Mauro Severino

Personal information
- Date of birth: 5 June 1999 (age 27)
- Place of birth: Buco-Zau, Angola
- Height: 1.63 m (5 ft 4 in)
- Position: Right winger

Youth career
- TPV
- TPS

Senior career*
- Years: Team / Apps / (Gls)
- 2014–2015: TPV / 15 / (3)
- 2016–2018: TPS / 3 / (0)
- 2016–2018: → SalPa (loan) / 3 / (1)
- 2018: Ilves / 4 / (0)
- 2018: Ilves II / 1 / (0)
- 2018: → HJS (loan) / 2 / (1)
- 2019: HIFK / 0 / (0)
- 2019: TPV / 13 / (3)
- 2020: AC Kajaani / 8 / (1)
- 2020: Musan Salama / 5 / (0)
- 2021: Ilves-Kissat / 19 / (8)
- 2022–2024: Atlantis / 63 / (16)
- 2025–: Gilla FC / 0 / (0)

International career
- 2016: Finland U18 / 1 / (0)

= Mauro Severino =

Finnish footballer (born 1999)

Mauro Severino (born 5 June 1999) is a Finnish fashion designer and footballer who plays as a right winger for Gilla FC.

==Career==
Severino was born in Angola and moved to Finland with his family when he was nine years old.

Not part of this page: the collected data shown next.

(* Let $(N,v)$ be a TU game and $\delta>0$. Any state $(\mathbf{x},\rho)\in\Pi(v)$ is absorbing for the Coalition Proposal algorithm (described in the context): if the environment state is $(\mathbf{x},\rho)$, with every player $i$ having aspiration $a_i=x_i$ and coalition state $C_i$ equal to the block of $\rho$ containing $i$, then no proposal changes the aspirations or the coalition structure.
   Context: A TU game is a pair $(N,v)$ with $N=\{1,\dots,n\}$ and $v:2^N\to\mathbb{R}$, $v(\emptyset)=0$. $\mathcal{P}(N)$ denotes the set of partitions of $N$. A core solution is a pair $(\mathbf{x},\rho)$ with $\mathbf{x}\in\mathbb{R}^n$, $\rho\in\mathcal{P}(N)$, such that $\sum_{i\in S}x_i\ge v(S)$ for all $S\subseteq N$ and $\sum_{i\in S}x_i=v(S)$ for all $S\in\rho$; $\Pi(v)$ is the set of core solutions. Coalition Proposal algorithm with step $\delta$: each player $i$ holds an aspiration $a_i$ and a coalition state $C_i\subseteq N$. In each iteration: a player $i\in N$ is activated at random; $i$ chooses at random a set $S\subseteq N\setminus\{i\}$ and proposes $J=S\cup\{i\}$. If $\sum_{j\in J}a_j+\delta\le v(J)$ (success): $a_i\leftarrow a_i+\delta$; then for every $j\in J$ and every $k\in C_j$ with $k\neq j$, set $C_k\leftarrow\emptyset$; then set $C_j\leftarrow J$ for all $j\in J$. Otherwise (failure): if $C_i=\emptyset$, set $a_i\leftarrow\max(v(\{i\}),a_i-\delta)$. Finally, if $a_i=v(\{i\})$ and $C_i=\emptyset$, set $C_i\leftarrow\{i\}$. The environment state is $(\mathbf{a},\mathcal{C})$ with $\mathbf{a}=(a_1,\dots,a_n)$ and $\mathcal{C}=\{C_i:i\in N\}$ the set of formed coalitions. *)

theory Defs
  imports Complex_Main "HOL-Library.Disjoint_Sets"
begin

definition players :: "nat \<Rightarrow> nat set" where
  "players n = {1..n}"

definition partitions :: "nat set \<Rightarrow> nat set set set" where
  "partitions N = {\<rho>. partition_on N \<rho>}"

definition core_solutions :: "nat set \<Rightarrow> (nat set \<Rightarrow> real) \<Rightarrow> ((nat \<Rightarrow> real) \<times> nat set set) set" where
  "core_solutions N v =
     {(x, \<rho>). \<rho> \<in> partitions N \<and>
              (\<forall>S. S \<subseteq> N \<longrightarrow> (\<Sum>i\<in>S. x i) \<ge> v S) \<and>
              (\<forall>S\<in>\<rho>. (\<Sum>i\<in>S. x i) = v S)}"

text \<open>One iteration of the Coalition Proposal algorithm with step delta, given the
  activated player i and the randomly chosen set S (subset of N - {i}); the state is
  the aspiration vector a and the coalition states C.\<close>
definition cp_step ::
  "(nat set \<Rightarrow> real) \<Rightarrow> real \<Rightarrow> nat \<Rightarrow> nat set \<Rightarrow> (nat \<Rightarrow> real) \<times> (nat \<Rightarrow> nat set)
     \<Rightarrow> (nat \<Rightarrow> real) \<times> (nat \<Rightarrow> nat set)" where
  "cp_step v \<delta> i S st =
     (let a = fst st; C = snd st; J = insert i S;
          (a1, C1) =
            (if (\<Sum>j\<in>J. a j) + \<delta> \<le> v J
             then (a(i := a i + \<delta>),
                   (\<lambda>k. if k \<in> J then J
                        else if (\<exists>j\<in>J. k \<in> C j \<and> k \<noteq> j) then {} else C k))
             else (if C i = {} then a(i := max (v {i}) (a i - \<delta>)) else a, C))
      in (a1, if a1 i = v {i} \<and> C1 i = {} then C1(i := {i}) else C1))"

end

theory Submission
  imports Defs
begin

(* A core allocation already gives every coalition J at least v J, so no proposal can raise an
   aspiration by delta > 0 and every proposal fails. A failed proposal only lowers the aspiration
   of an unattached proposer, and in a core solution every player is attached to its block. *)

lemma core_solution_proposal_fails:
  assumes "(x, \<rho>) \<in> core_solutions N v" and "J \<subseteq> N" and "\<delta> > 0"
  shows "\<not> (\<Sum>j\<in>J. x j) + \<delta> \<le> v J"
proof -
  have "(\<Sum>j\<in>J. x j) \<ge> v J"
    using assms(1,2) unfolding core_solutions_def by auto
  then show ?thesis
    using \<open>\<delta> > 0\<close> by linarith
qed

lemma cp_step_failed_proposal_of_attached_player:
  assumes "\<not> (\<Sum>j\<in>insert i S. a j) + \<delta> \<le> v (insert i S)" and "C i \<noteq> {}"
  shows "cp_step v \<delta> i S (a, C) = (a, C)"
  using assms unfolding cp_step_def by (simp add: Let_def)

theorem proposition10:
  fixes n :: nat and v :: "nat set \<Rightarrow> real" and \<delta> :: real
    and x :: "nat \<Rightarrow> real" and \<rho> :: "nat set set"
    and a :: "nat \<Rightarrow> real" and C :: "nat \<Rightarrow> nat set"
  assumes "v {} = 0"
    and "\<delta> > 0"
    and "(x, \<rho>) \<in> core_solutions (players n) v"
    and "\<forall>j\<in>players n. a j = x j"
    and "\<forall>j\<in>players n. C j \<in> \<rho> \<and> j \<in> C j"
  shows "\<forall>i\<in>players n. \<forall>S. S \<subseteq> players n - {i} \<longrightarrow> cp_step v \<delta> i S (a, C) = (a, C)"
proof (intro ballI allI impI)
  fix i S
  assume i: "i \<in> players n" and S: "S \<subseteq> players n - {i}"
  have J: "insert i S \<subseteq> players n"
    using i S by auto
  have "(\<Sum>j\<in>insert i S. a j) = (\<Sum>j\<in>insert i S. x j)"
    using assms(4) J by (intro sum.cong) auto
  then have "\<not> (\<Sum>j\<in>insert i S. a j) + \<delta> \<le> v (insert i S)"
    using core_solution_proposal_fails[OF assms(3) J assms(2)] by simp
  moreover have "C i \<noteq> {}"
    using assms(5) i by auto
  ultimately show "cp_step v \<delta> i S (a, C) = (a, C)"
    by (rule cp_step_failed_proposal_of_attached_player)
qed

end
(* Let $G$ be a group and $\iota\in G$ an element for which there is a finite normal subgroup $L\lhd G$ such that the image of $\iota$ is central in $G/L$. Then the class of gr-odd $\mathbb{Q}[G]$-modules is closed under taking submodules, quotients, and extensions. The same holds for the class of gr-even $\mathbb{Q}[G]$-modules.
   Context: A $\mathbb{Q}[G]$-module $M$ is odd if $\iota\cdot m=-m$ for all $m\in M$, and even if $\iota\cdot m=m$ for all $m\in M$. $M$ is gr-odd (resp. gr-even) if it admits a finite filtration by $\mathbb{Q}[G]$-submodules $0=F_{-1}M\subseteq F_0M\subseteq\cdots\subseteq F_kM=M$ such that every quotient $F_{i+1}M/F_iM$ is odd (resp. even). *)

theory Defs
  imports Complex_Main "HOL-Algebra.Coset"
begin

definition QG_module ::
  "'g monoid \<Rightarrow> (rat \<Rightarrow> 'v::ab_group_add \<Rightarrow> 'v) \<Rightarrow> ('g \<Rightarrow> 'v \<Rightarrow> 'v) \<Rightarrow> 'v set \<Rightarrow> bool" where
  "QG_module G sc act M \<longleftrightarrow>
     vector_space sc \<and> module.subspace sc M \<and>
     (\<forall>g\<in>carrier G. \<forall>x\<in>M. act g x \<in> M) \<and>
     (\<forall>g\<in>carrier G. \<forall>x\<in>M. \<forall>y\<in>M. act g (x + y) = act g x + act g y) \<and>
     (\<forall>g\<in>carrier G. \<forall>c. \<forall>x\<in>M. act g (sc c x) = sc c (act g x)) \<and>
     (\<forall>x\<in>M. act \<one>\<^bsub>G\<^esub> x = x) \<and>
     (\<forall>g\<in>carrier G. \<forall>h\<in>carrier G. \<forall>x\<in>M. act (g \<otimes>\<^bsub>G\<^esub> h) x = act g (act h x))"

definition QG_hom ::
  "'g monoid \<Rightarrow> (rat \<Rightarrow> 'v::ab_group_add \<Rightarrow> 'v) \<Rightarrow> ('g \<Rightarrow> 'v \<Rightarrow> 'v) \<Rightarrow> 'v set \<Rightarrow>
   (rat \<Rightarrow> 'w::ab_group_add \<Rightarrow> 'w) \<Rightarrow> ('g \<Rightarrow> 'w \<Rightarrow> 'w) \<Rightarrow> 'w set \<Rightarrow> ('v \<Rightarrow> 'w) \<Rightarrow> bool" where
  "QG_hom G sc1 act1 M sc2 act2 P f \<longleftrightarrow>
     (\<forall>x\<in>M. f x \<in> P) \<and>
     (\<forall>x\<in>M. \<forall>y\<in>M. f (x + y) = f x + f y) \<and>
     (\<forall>c. \<forall>x\<in>M. f (sc1 c x) = sc2 c (f x)) \<and>
     (\<forall>g\<in>carrier G. \<forall>x\<in>M. f (act1 g x) = act2 g (f x))"

text \<open>The quotient B/A (A \<subseteq> B submodules) is odd, i.e. iota [m] = -[m] in B/A,
  i.e. iota m + m \<in> A for all m \<in> B; resp. even: iota m - m \<in> A.\<close>
definition odd_quot :: "('g \<Rightarrow> 'v \<Rightarrow> 'v) \<Rightarrow> 'g \<Rightarrow> 'v::ab_group_add set \<Rightarrow> 'v set \<Rightarrow> bool" where
  "odd_quot act \<iota> A B \<longleftrightarrow> (\<forall>m\<in>B. act \<iota> m + m \<in> A)"

definition even_quot :: "('g \<Rightarrow> 'v \<Rightarrow> 'v) \<Rightarrow> 'g \<Rightarrow> 'v::ab_group_add set \<Rightarrow> 'v set \<Rightarrow> bool" where
  "even_quot act \<iota> A B \<longleftrightarrow> (\<forall>m\<in>B. act \<iota> m - m \<in> A)"

text \<open>gr-odd / gr-even: a finite filtration 0 = F 0 \<subseteq> F 1 \<subseteq> ... \<subseteq> F k = M by
  Q[G]-submodules with all successive quotients odd (resp. even).
  (Index shifted by one relative to the paper: F i here is F_{i-1} there.)\<close>
definition gr_odd ::
  "'g monoid \<Rightarrow> (rat \<Rightarrow> 'v::ab_group_add \<Rightarrow> 'v) \<Rightarrow> ('g \<Rightarrow> 'v \<Rightarrow> 'v) \<Rightarrow> 'g \<Rightarrow> 'v set \<Rightarrow> bool" where
  "gr_odd G sc act \<iota> M \<longleftrightarrow> QG_module G sc act M \<and>
     (\<exists>(k::nat) (F::nat \<Rightarrow> 'v set). F 0 = {0} \<and> F k = M \<and>
        (\<forall>i\<le>k. QG_module G sc act (F i)) \<and>
        (\<forall>i<k. F i \<subseteq> F (Suc i) \<and> odd_quot act \<iota> (F i) (F (Suc i))))"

After playing for TPV, TPS and Salon Palloilijat, Severino debuted in Veikkausliiga with Ilves in 2018. Later he has played for various Finnish clubs at lower levels of the Finnish football league system.

==Outside football==
Severino has attended Muodin huipulle, the Finnish version of reality tv-show Project Runway, in 2024. He has designed clothes for Marimekko, and in 2022 he designed the customized jacket for Finnish pole vaulter Wilma Murto, to celebrate her winning the European championship title.

==Personal life==
His twin brother Marcio is also a footballer.